About Us
Transforming drug discovery
The Accelerating Therapeutics for Opportunities in Medicine (ATOM) consortium is a public-private partnership with the mission of transforming drug discovery by accelerating the development of more effective therapies for patients.
History
In June 2016, GSK, the Department of Energy, and the National Cancer Institute announced their intent to create the ATOM partnership as one of the Cancer Moonshot task forces, with funding support under the 21st Century Cures Act.
The ATOM consortium was officially established in October 2017.
ATOM founding members are GSK, Lawrence Livermore National Laboratory, Frederick National Laboratory for Cancer Research, and the University of California, San Francisco.
In March 2021, the U.S. Department of Energy’s Argonne, Brookhaven and Oak Ridge National Laboratories joined the ATOM Consortium to further develop ATOM’s artificial intelligence (AI) - driven drug discovery platform.
Vision
Our goal is to transform drug discovery from a slow, sequential, and high-failure process into a rapid, integrated, and patient-centric model. We are integrating high performance computing, diverse biological data, and emerging biotechnologies to create a new pre-competitive platform for drug discovery.
What We Do
ATOM is developing a pre-clinical drug design and optimization platform that leads with computation to help shorten the drug discovery timeline. ATOM’s approach employs data-driven modeling and generative molecular design to determine design criteria that consider pharmacology, safety, efficacy, and developability in the context of lead optimization. ATOM’s active learning design platform aims to selectively incorporate results from mechanistic simulation and human-relevant experimentation to generate and optimize new drug candidates significantly faster and with greater success than conventional processes.
Consortium Members
UC San Francisco is providing expertise from a long-history of innovation in medicine and drug discovery combined with its strengths in cancer and translation of technologies and therapeutics to improve the lives of patients.
Frederick National Laboratory, on behalf of the National Cancer Institute, is contributing scientific expertise in precision oncology, computational chemistry and cancer biology, as well as support for open sharing of datasets and predictive modeling and simulation tools.
Lawrence Livermore National Laboratory is contributing its best-in-class supercomputers, including its next-generation system Sierra, as well as its expertise and innovative approaches to modeling and simulation, cognitive computing, machine learning, and algorithm development. More broadly, by applying high-performance computing to the ambitious problem of cancer therapy, the Department of Energy and National Nuclear Security Administration hopes to accelerate technologies vital to its core missions.

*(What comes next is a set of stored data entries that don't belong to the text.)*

lemma next_mark_Suc:
  assumes "k < n" "k \<notin> E"
  shows "next_mark E k = next_mark E (Suc k)"
proof -
  have "(k \<le> e \<and> (e \<in> E \<or> e = n)) \<longleftrightarrow> (Suc k \<le> e \<and> (e \<in> E \<or> e = n))" for e
    using assms by (cases "e = k") auto
  then show ?thesis unfolding next_mark_def by simp
qed

lemma mark_level_le: "1 \<le> k \<Longrightarrow> k \<le> n \<Longrightarrow> mark_level E k \<le> L k"
  unfolding mark_level_def using next_mark_bounds[of k E] by (intro L_antimono) auto

lemma mark_level_last: "mark_level E n = 0"
  unfolding mark_level_def using next_mark_self[of n E] shape_last by simp

lemma mark_level_mark: "k \<le> n \<Longrightarrow> k \<in> E \<Longrightarrow> mark_level E k = L k"
  unfolding mark_level_def using next_mark_self by simp

lemma mark_level_Suc: "k < n \<Longrightarrow> k \<notin> E \<Longrightarrow> mark_level E k = mark_level E (Suc k)"
  unfolding mark_level_def using next_mark_Suc by simp

lemma mark_code_Suc:
  "1 \<le> i \<Longrightarrow> mark_code E (Suc i) = (if mark_level E i < L i then L i else mark_level E (Suc i))"
  by (simp add: mark_code_def)

context
  fixes E :: "nat set"
  assumes marks: "E \<subseteq> corners n L" and boundary: "boundary_corners \<subseteq> E"
begin

lemma mark_is_corner: "i \<in> E \<Longrightarrow> 1 \<le> i \<and> i < n \<and> L (Suc i) < L i"
  using marks by (auto simp: corners_def)

lemma mark_level_Suc_le: "1 \<le> k \<Longrightarrow> k < n \<Longrightarrow> mark_level E (Suc k) \<le> mark_level E k"
  using mark_level_le[of "Suc k" E] L_antimono[of k "Suc k"] mark_level_mark[of k E] mark_level_Suc[of k E]
  by (cases "k \<in> E") auto

lemma mark_level_drop_iff:
  assumes "1 \<le> k" "k < n"
  shows "mark_level E (Suc k) < mark_level E k \<longleftrightarrow> k \<in> E"
proof
  assume "k \<in> E"
  then show "mark_level E (Suc k) < mark_level E k"
    using mark_is_corner mark_level_le[of "Suc k" E] mark_level_mark[of k E] assms by fastforce
qed (use mark_level_Suc assms in fastforce)

lemma mark_code_le:
  assumes k: "k \<in> {1..n}"
  shows "mark_code E k \<le> n - k"
proof (cases "k = 1")
  case True
  then show ?thesis
    using mark_level_le[of 1 E] shape_bounded[of 1] k by (simp add: mark_code_def)
next
  case False
  then obtain i where i: "k = Suc i" "1 \<le> i" using k by (cases k) auto
  show ?thesis
  proof (cases "mark_level E i < L i")
    case True
    then have "i \<notin> E" using mark_level_mark[of i E] i k by auto
    show ?thesis
    proof (cases "i \<in> corners n L")
      case True
      then have "i + L i < n" using \<open>i \<notin> E\<close> boundary by (auto simp: boundary_corners_def)
      then show ?thesis using mark_code_Suc[OF i(2)] \<open>mark_level E i < L i\<close> i by simp
    next
      case False
      then have "L (Suc i) = L i"
        using L_antimono[of i "Suc i"] i k by (simp add: corners_def)
      then show ?thesis
        using mark_code_Suc[OF i(2)] \<open>mark_level E i < L i\<close> i k shape_bounded[of "Suc i"] by simp
    qed
  next
    case False
    then have "mark_code E k = mark_level E k" using mark_code_Suc[OF i(2)] i by simp
    then show ?thesis using mark_level_le[of k E] shape_bounded[of k] k by simp
  qed
qed

lemma L_eq_max_mark_code:
  assumes "1 \<le> i" "i < n"
  shows "L i = max (mark_level E i) (mark_code E (Suc i))"
  using mark_code_Suc[OF assms(1)] mark_level_le[of i E] mark_level_Suc_le[OF assms] assms
  by (auto simp: max_def)

end

context
  fixes E :: "nat set" and \<pi> :: "nat \<Rightarrow> nat"
  assumes marks: "E \<subseteq> corners n L" and boundary: "boundary_corners \<subseteq> E"
    and perm: "\<pi> permutes {1..n}" and code: "\<And>k. k \<in> {1..n} \<Longrightarrow> lehmer \<pi> k = mark_code E k"
begin

lemma prefix_min_eq_mark_level: "k \<in> {1..n} \<Longrightarrow> prefix_min n \<pi> (Suc k) - 1 = mark_level E k"
proof (induction k)
  case (Suc k)
  have rec: "prefix_min n \<pi> (Suc (Suc k)) - 1 = min (prefix_min n \<pi> (Suc k) - 1) (lehmer \<pi> (Suc k))"
    using prefix_min_Suc_eq_min_lehmer[OF perm Suc.prems] .
  show ?case
  proof (cases "k = 0")
    case True
    then show ?thesis
      using rec code[of 1] mark_level_le[of 1 E] shape_bounded[of 1] Suc.prems
      by (simp add: mark_code_def)
  next
    case False
    then have k: "1 \<le> k" "k < n" using Suc.prems by auto
    have IH: "prefix_min n \<pi> (Suc k) - 1 = mark_level E k" using Suc.IH k by simp
    show ?thesis
    proof (cases "mark_level E k < L k")
      case True
      then have "k \<notin> E" using mark_level_mark[of k E] k by auto
      then show ?thesis
        using rec IH code[OF Suc.prems] mark_code_Suc[OF k(1)] mark_level_Suc[OF k(2)] True by simp
    next
      case False
      then show ?thesis
        using rec IH code[OF Suc.prems] mark_code_Suc[OF k(1)] mark_level_Suc_le[OF marks boundary k]
        by simp
    qed
  qed
qed simp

Argonne National Laboratory will leverage its Leadership Computing Facility to perform advanced simulations in life sciences, including molecular biology, microbiology, protein chemistry, bioinformatics, computational biology, environmental sciences and other scientific fields.
Brookhaven National Laboratory will contribute scalable high-performance computing frameworks and software that support optimal experimental design active-learning workflows for advanced simulations. These frameworks employ machine learning that can enhance cancer drug therapy research and design.
Oak Ridge National Laboratory will apply its unique capabilities in high-performance computing, data-intensive science and biological systems to examine the complex and dynamic interactions between candidate molecules and the human body, with the goal of boosting the success rate when molecules go to clinical trials.